Solution — Step by Step

Packing efficiency is the fraction of the total volume of a unit cell occupied by the atoms (assuming atoms are spheres touching each other):

\text{Packing efficiency} = \frac{\text{Volume occupied by atoms in unit cell}}{\text{Total volume of unit cell}} \times 100\%

Atoms per FCC unit cell:

8 corner atoms × (1/8) = 1 atom
6 face-centred atoms × (1/2) = 3 atoms
Total: 4 atoms per unit cell

Radius-edge length relationship: In FCC, atoms touch along the face diagonal. Face diagonal = $a\sqrt{2}$ = 4r, where $a$ = edge length, $r$ = atomic radius.

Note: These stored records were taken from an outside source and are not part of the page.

lemma r21_eq_0_if_c2_le_r12:
  assumes "c2 \<le> r12"
  shows "r21 = 0"
proof -
  obtain d where d: "r12 = c2 + d"
    using assms le_iff_add by blast
  then have eq: "c1 * n1 = r21 * n1 + d * n2 + (r13 + r23) * n3"
    using rel1 rel2 by (simp add: algebra_simps)
  then have "r21 * n1 \<le> c1 * n1" by linarith
  then have "r21 \<le> c1"
    using gens_pos(1) by simp
  then obtain e where e: "c1 = r21 + e"
    by (auto simp: le_iff_add)
  then have e_eq: "e * n1 = d * n2 + (r13 + r23) * n3"
    using eq by (simp add: algebra_simps)
  show ?thesis
  proof (cases "e = 0")
    case True
    then have "d = 0" "r13 = 0"
      using e_eq gens_pos by simp_all
    then have "c1 * n1 = c2 * n2"
      using rel1 d by simp
    with distinct(1) show ?thesis by simp
  next
    case False
    then have "c1 \<le> e"
      using bounds_span_multiplesD[OF least1 e_eq] by simp
    with e show ?thesis by simp
  qed
qed

text \<open>If c_2 \<le> r_12, the implications c_j \<le> r_ij \<Longrightarrow> r_ji = 0 \<Longrightarrow> c_k \<le> r_jk propagate
  round the cycle 1, 2, 3 and give c_1 n_1 \<ge> c_2 n_2 \<ge> c_3 n_3 \<ge> c_1 n_1.\<close>

lemma r12_lt_c2: "r12 < c2"
proof (rule ccontr)
  interpret rot: distinct_relations n2 n3 n1 c2 c3 c1 r23 r21 r32 r31 r12 r13
    by (fact distinct_relations_permute(1))
  interpret rot2: distinct_relations n3 n1 n2 c3 c1 c2 r31 r32 r13 r12 r23 r21
    by (fact distinct_relations_permute(2))
  assume "\<not> r12 < c2"
  then have "c2 \<le> r12" by simp
  then have "r21 = 0" "c3 \<le> r23"
    using r21_eq_0_if_c2_le_r12 c3_le_r23_if_r21_eq_0 by blast+
  then have "r32 = 0" "c1 \<le> r31"
    using rot.r21_eq_0_if_c2_le_r12 rot.c3_le_r23_if_r21_eq_0 by blast+
  then have "r13 = 0"
    using rot2.r21_eq_0_if_c2_le_r12 by blast
  have "c2 * n2 \<le> c1 * n1"
    using rel1 \<open>r13 = 0\<close> \<open>c2 \<le> r12\<close> by simp
  moreover have "c3 * n3 \<le> c2 * n2"
    using rel2 \<open>r21 = 0\<close> \<open>c3 \<le> r23\<close> by simp
  moreover have "c1 * n1 \<le> c3 * n3"
    using rel3 \<open>r32 = 0\<close> \<open>c1 \<le> r31\<close> by simp
  ultimately show False
    using distinct(1) by simp
qed

lemma rel_coeffs_lt: "r12 < c2" "r23 < c3" "r31 < c1" "r32 < c2" "r21 < c1" "r13 < c3"
  using r12_lt_c2 distinct_relations_permute[THEN distinct_relations.r12_lt_c2] by auto

lemma r21_pos: "0 < r21"
  using c3_le_r23_if_r21_eq_0 rel_coeffs_lt(2) by (meson neq0_conv not_le)

lemma rel_coeffs_pos: "0 < r21" "0 < r32" "0 < r13" "0 < r23" "0 < r12" "0 < r31"
  using r21_pos distinct_relations_permute[THEN distinct_relations.r21_pos] by auto

lemma c1_le_r21_r31: "c1 \<le> r21 + r31"
proof -
  obtain d e where d: "c2 = r32 + d" "0 < d" and e: "c3 = r23 + e"
    using rel_coeffs_lt(4,2) by (metis less_imp_add_positive)
  then have eq: "(r21 + r31) * n1 = d * n2 + e * n3"
    using rel2 rel3 by (simp add: algebra_simps)
  moreover have "0 < r21 + r31"
    using rel_coeffs_pos(1) by simp
  ultimately show ?thesis
    by (rule bounds_span_multiplesD[OF least1])
qed

lemma c_eq_sums: "c1 = r21 + r31" "c2 = r12 + r32" "c3 = r13 + r23"
proof -
  have "c1 * n1 \<le> (r21 + r31) * n1" "c2 * n2 \<le> (r12 + r32) * n2" "c3 * n3 \<le> (r13 + r23) * n3"
    using c1_le_r21_r31 distinct_relations_permute(1,2)[THEN distinct_relations.c1_le_r21_r31]
    by (simp_all add: ac_simps)
  moreover have
    "c1 * n1 + c2 * n2 + c3 * n3 = (r21 + r31) * n1 + (r12 + r32) * n2 + (r13 + r23) * n3"
    using rel1 rel2 rel3 by (simp add: algebra_simps)
  ultimately have "c1 * n1 = (r21 + r31) * n1" "c2 * n2 = (r12 + r32) * n2"
    "c3 * n3 = (r13 + r23) * n3"
    by linarith+
  then show "c1 = r21 + r31" "c2 = r12 + r32" "c3 = r13 + r23"
    using gens_pos by simp_all
qed

lemma Z_c2n2: "Z n1 n2 n3 (c2 * n2) = {(0, c2, 0), (r21, 0, r23)}"
proof (intro set_eqI iffI)
  fix v
  assume "v \<in> Z n1 n2 n3 (c2 * n2)"
  then obtain p q s where v: "v = (p, q, s)" and eq: "p * n1 + q * n2 + s * n3 = c2 * n2"
    by (cases v) auto
  then have "q * n2 \<le> c2 * n2" by linarith
  then have "q \<le> c2"
    using gens_pos(2) by simp
  then obtain t where t: "c2 = q + t"
    by (auto simp: le_iff_add)
  then have t_eq: "t * n2 = p * n1 + s * n3"
    using eq by (simp add: algebra_simps)
  show "v \<in> {(0, c2, 0), (r21, 0, r23)}"
  proof (cases "t = 0")
    case True
    then show ?thesis
      using t t_eq v gens_pos by simp
  next
    case False
    then have "c2 \<le> t"
      using bounds_span_multiplesD[OF least2 t_eq] by simp
    then have "q = 0"
      using t by simp
    then have "p * n1 + s * n3 = r21 * n1 + r23 * n3"
      using eq rel2 by simp
    then have "p = r21" "s = r23"
      using two_generator_coeffs_unique[OF _ rel_coeffs_lt(5,2) gens_pos(1,3) least1 least3] by blast+
    then show ?thesis
      using v \<open>q = 0\<close> by simp
  qed
qed (auto simp: rel2)

end

locale ordered_relations = distinct_relations +
  assumes gens_order: "n1 < n2" "n2 < n3"
begin

lemma r12_r13_le_c1: "r12 + r13 \<le> c1"
proof -
  have "(r12 + r13) * n1 \<le> r12 * n2 + r13 * n3"
    using gens_order by (simp add: add_mult_distrib add_mono)
  then have "(r12 + r13) * n1 \<le> c1 * n1"
    using rel1 by simp
  then show ?thesis
    using gens_pos(1) by simp
qed

lemma c3_le_r31_r32: "c3 \<le> r31 + r32"
proof -
  have "r31 * n1 + r32 * n2 \<le> (r31 + r32) * n3"
    using gens_order by (simp add: add_mult_distrib add_mono)
  then have "c3 * n3 \<le> (r31 + r32) * n3"
    using rel3 by simp
  then show ?thesis
    using gens_pos(3) by simp
qed

lemma exchange_into_n1:
  assumes "c2 \<le> r21 + r23" and x: "x \<in> gen_monoid n1 n2 n3"
    and eq: "a2 * n2 + a3 * n3 = x + n1"
  obtains w where "w \<in> Z n1 n2 n3 x" "a2 + a3 \<le> flen w + 1"
proof -
  obtain w1 w2 w3 where "w1 * n1 + w2 * n2 + w3 * n3 = x"
    using x by (rule gen_monoidE)
  then have "(w1 + 1) * n1 + w2 * n2 + w3 * n3 = a2 * n2 + a3 * n3"
    using eq by simp
  then consider "c2 \<le> a2" | "c3 \<le> a3" | "r12 \<le> a2" "r13 \<le> a3"
    using exchange_applies[OF _ zero_less_Suc] by (metis Suc_eq_plus1)
  then show ?thesis
  proof cases
    case 1
    obtain d s where "a2 = c2 + d" "r21 = Suc s"
      using 1 rel_coeffs_pos(1) by (metis le_iff_add gr0_implies_Suc)
    then show ?thesis
      using eq rel2 assms(1)
      by (intro that[of "(s, d, a3 + r23)"]) (simp_all add: algebra_simps)
  next
    case 2
    obtain d s where "a3 = c3 + d" "r31 = Suc s"
      using 2 rel_coeffs_pos(6) by (metis le_iff_add gr0_implies_Suc)
    then show ?thesis
      using eq rel3 c3_le_r31_r32
      by (intro that[of "(s, a2 + r32, d)"]) (simp_all add: algebra_simps)
  next
    case 3
    obtain d e s where "a2 = r12 + d" "a3 = r13 + e" "c1 = Suc s"
      using 3 c_pos(1) by (metis le_iff_add gr0_implies_Suc)
    then show ?thesis
      using eq rel1 r12_r13_le_c1
      by (intro that[of "(s, d, e)"]) (simp_all add: algebra_simps)
  qed
qed

lemma factorization_with_n1:
  assumes "c2 \<le> r21 + r23" and x: "x \<in> gen_monoid n1 n2 n3"
    and v: "v \<in> Z n1 n2 n3 (x + n1)"
  obtains w where "w \<in> Z n1 n2 n3 x" "flen v \<le> flen w + 1"
proof -
  obtain a1 a2 a3 where v_eq: "v = (a1, a2, a3)"
    by (cases v)
  with v have eq: "a1 * n1 + a2 * n2 + a3 * n3 = x + n1" by simp
  show ?thesis
  proof (cases a1)
    case 0
    with eq have "a2 * n2 + a3 * n3 = x + n1" by simp
    then obtain w where "w \<in> Z n1 n2 n3 x" "a2 + a3 \<le> flen w + 1"
      by (rule exchange_into_n1[OF assms(1) x])
    with that v_eq 0 show ?thesis by simp
  next
    case (Suc b)
    with eq show ?thesis
      by (intro that[of "(b, a2, a3)"]) (simp_all add: v_eq)
  qed
qed
lemma reciprocal_sum_solvable:
  assumes "z > 2"
  obtains t :: real where "t > 1" "t + 1/t = z"
proof -
  define t where "t = (z + sqrt (z^2 - 4)) / 2"
  have "2^2 < z^2"
    using assms by (intro power_strict_mono) auto
  then have root: "sqrt (z^2 - 4) ^ 2 = z^2 - 4" "sqrt (z^2 - 4) > 0"
    by simp_all
  then have "2 < z + sqrt (z^2 - 4)"
    using assms by linarith
  then have "t > 1"
    unfolding t_def by simp
  moreover have "t^2 - z * t + 1 = 0"
    using root unfolding t_def by (simp add: field_simps power2_eq_square)
  then have "t + 1/t = z"
    using \<open>t > 1\<close> by (simp add: field_simps power2_eq_square)
  ultimately show ?thesis
    using that by blast
qed

lemma two_pairs_representation:
  assumes z1: "2 < z1" and z12: "z1 < z2" and c: "c * (z1 * z2 + 1) = 1"
  shows "(2, 2) \<in> badges (\<lambda>x y. (x^6 - y^6) - 15 * c * (x^4 * y^2 - x^2 * y^4))"
proof -
  obtain t where t: "t > 1" "t + 1/t = z1"
    using reciprocal_sum_solvable z1 by blast
  obtain s where s: "s > 1" "s + 1/s = z2"
    using reciprocal_sum_solvable z1 z12 by (metis less_trans)
  have products: "1 < t * t" "1 < s * s" "1 < t * s" "1 < s * t"
    using t(1) s(1) by (simp_all add: less_1_mult)
  then have dt: "t^2 * (1 - t^2) \<noteq> 0" and ds: "s^2 * (1 - s^2) \<noteq> 0"
    using t(1) s(1) by (simp_all add: power2_eq_square)
  define w1 where "w1 = - c * z2 / ((z2 - z1) * (t^2 * (1 - t^2)))"
  define w2 where "w2 = c * z1 / ((z2 - z1) * (s^2 * (1 - s^2)))"
  have "c \<noteq> 0"
    using c by auto
  then have "w1 \<noteq> 0" "w2 \<noteq> 0"
    using z1 z12 dt ds by (simp_all add: w1_def w2_def)
  define ts where "ts = [(w1, 1, t), (-w1, t, 1), (w2, 1, s), (-w2, s, 1)]"
  have weights: "w1 * (t^2 * (1 - t^2)) = - c * z2 / (z2 - z1)" "w2 * (s^2 * (1 - s^2)) = c * z1 / (z2 - z1)"
    using dt ds by (simp_all add: w1_def w2_def)
  have "(\<Sum>u\<leftarrow>ts. fst u * (fst (snd u) * x + snd (snd u) * y) ^ 6)
          = (x^6 - y^6) - 15 * c * (x^4 * y^2 - x^2 * y^4)" for x y
  proof -
    have "(\<Sum>u\<leftarrow>ts. fst u * (fst (snd u) * x + snd (snd u) * y) ^ 6)
          = w1 * ((x + t*y)^6 - (t*x + y)^6) + w2 * ((x + s*y)^6 - (s*x + y)^6)"
      by (simp add: ts_def algebra_simps)
    also have "\<dots> = (w1 * (t^2 * (1 - t^2))) * E z1 x y + (w2 * (s^2 * (1 - s^2))) * E z2 x y"
      using t s power_pair_difference[of t x y] power_pair_difference[of s x y] by (simp add: mult.assoc)
    also have "\<dots> = ((- c * z2) * E z1 x y + (c * z1) * E z2 x y) / (z2 - z1)"
      unfolding weights by (simp add: diff_divide_distrib)
    also have "\<dots> = (x^6 - y^6) - 15 * c * (x^4 * y^2 - x^2 * y^4)"
      using E_combination[OF c, of x y] z12 by simp
    finally show ?thesis .
  qed
  then have "represents (\<lambda>x y. (x^6 - y^6) - 15 * c * (x^4 * y^2 - x^2 * y^4)) ts"
    using \<open>w1 \<noteq> 0\<close> \<open>w2 \<noteq> 0\<close> by (simp add: represents_def ts_def)
  moreover have "honest ts"
  proof -
    have "t \<noteq> s"
      using t s z12 by auto
    then have "t * t \<noteq> 1" "s * s \<noteq> 1" "t * s \<noteq> 1" "s * t \<noteq> 1" "t \<noteq> s"
      using products by linarith+
    then show ?thesis
      by (auto simp: honest_iff nonproportional_def ts_def)
  qed
  moreover have "badge ts = (2, 2)"
    using \<open>w1 \<noteq> 0\<close> \<open>w2 \<noteq> 0\<close> by (auto simp: badge_def ts_def)
  ultimately show ?thesis
    by (rule badgesI)
qed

r = \frac{a\sqrt{2}}{4} = \frac{a}{2\sqrt{2}}

Volume occupied by 4 atoms:

V_{atoms} = 4 \times \frac{4}{3}\pi r^3 = \frac{16}{3}\pi r^3

Substitute $r = \frac{a}{2\sqrt{2}}$ :

r^3 = \frac{a^3}{16\sqrt{2}}

V_{atoms} = \frac{16}{3}\pi \times \frac{a^3}{16\sqrt{2}} = \frac{\pi a^3}{3\sqrt{2}}

Volume of unit cell: $V_{cell} = a^3$

\text{Packing efficiency} = \frac{\pi a^3}{3\sqrt{2} \times a^3} = \frac{\pi}{3\sqrt{2}} = \frac{3.14159}{4.2426} \approx 0.7405

\boxed{\text{FCC packing efficiency} = 74.05\%}

Atoms per BCC unit cell:

8 corner atoms × (1/8) = 1 atom
1 body-centred atom × 1 = 1 atom
Total: 2 atoms per unit cell

Radius-edge length relationship: In BCC, atoms touch along the body diagonal. Body diagonal = $a\sqrt{3}$ = 4r.

r = \frac{a\sqrt{3}}{4}

Volume occupied by 2 atoms:

V_{atoms} = 2 \times \frac{4}{3}\pi r^3 = \frac{8}{3}\pi r^3

Substitute $r = \frac{a\sqrt{3}}{4}$ :

r^3 = \frac{a^3 \times 3\sqrt{3}}{64}

V_{atoms} = \frac{8}{3}\pi \times \frac{3\sqrt{3}a^3}{64} = \frac{8 \times 3\sqrt{3}\pi a^3}{192} = \frac{\sqrt{3}\pi a^3}{8}

\text{Packing efficiency} = \frac{\sqrt{3}\pi}{8} = \frac{1.7321 \times 3.14159}{8} = \frac{5.441}{8} \approx 0.6802

\boxed{\text{BCC packing efficiency} = 68.02\%}

Summary Table

Structure	Atoms/cell	r vs a	Packing Efficiency
Simple Cubic (SC)	1	$r = a/2$	52.4%
BCC	2	$r = a\sqrt{3}/4$	68.0%
FCC	4	$r = a/2\sqrt{2}$	74.0%
HCP	6	$r = a/2$	74.0%

FCC and HCP both achieve the same maximum packing efficiency of 74% — this is the theoretical maximum for equal sphere packing (Kepler’s conjecture, proved by Hales in 1998).

Why This Works

Higher packing efficiency means atoms fit more closely together → denser material. FCC metals (like copper, aluminium, gold, silver) are denser and more ductile than BCC metals (like iron, chromium, tungsten) partly because of packing differences. BCC metals tend to be harder due to the less close-packed structure, which impedes dislocation movement.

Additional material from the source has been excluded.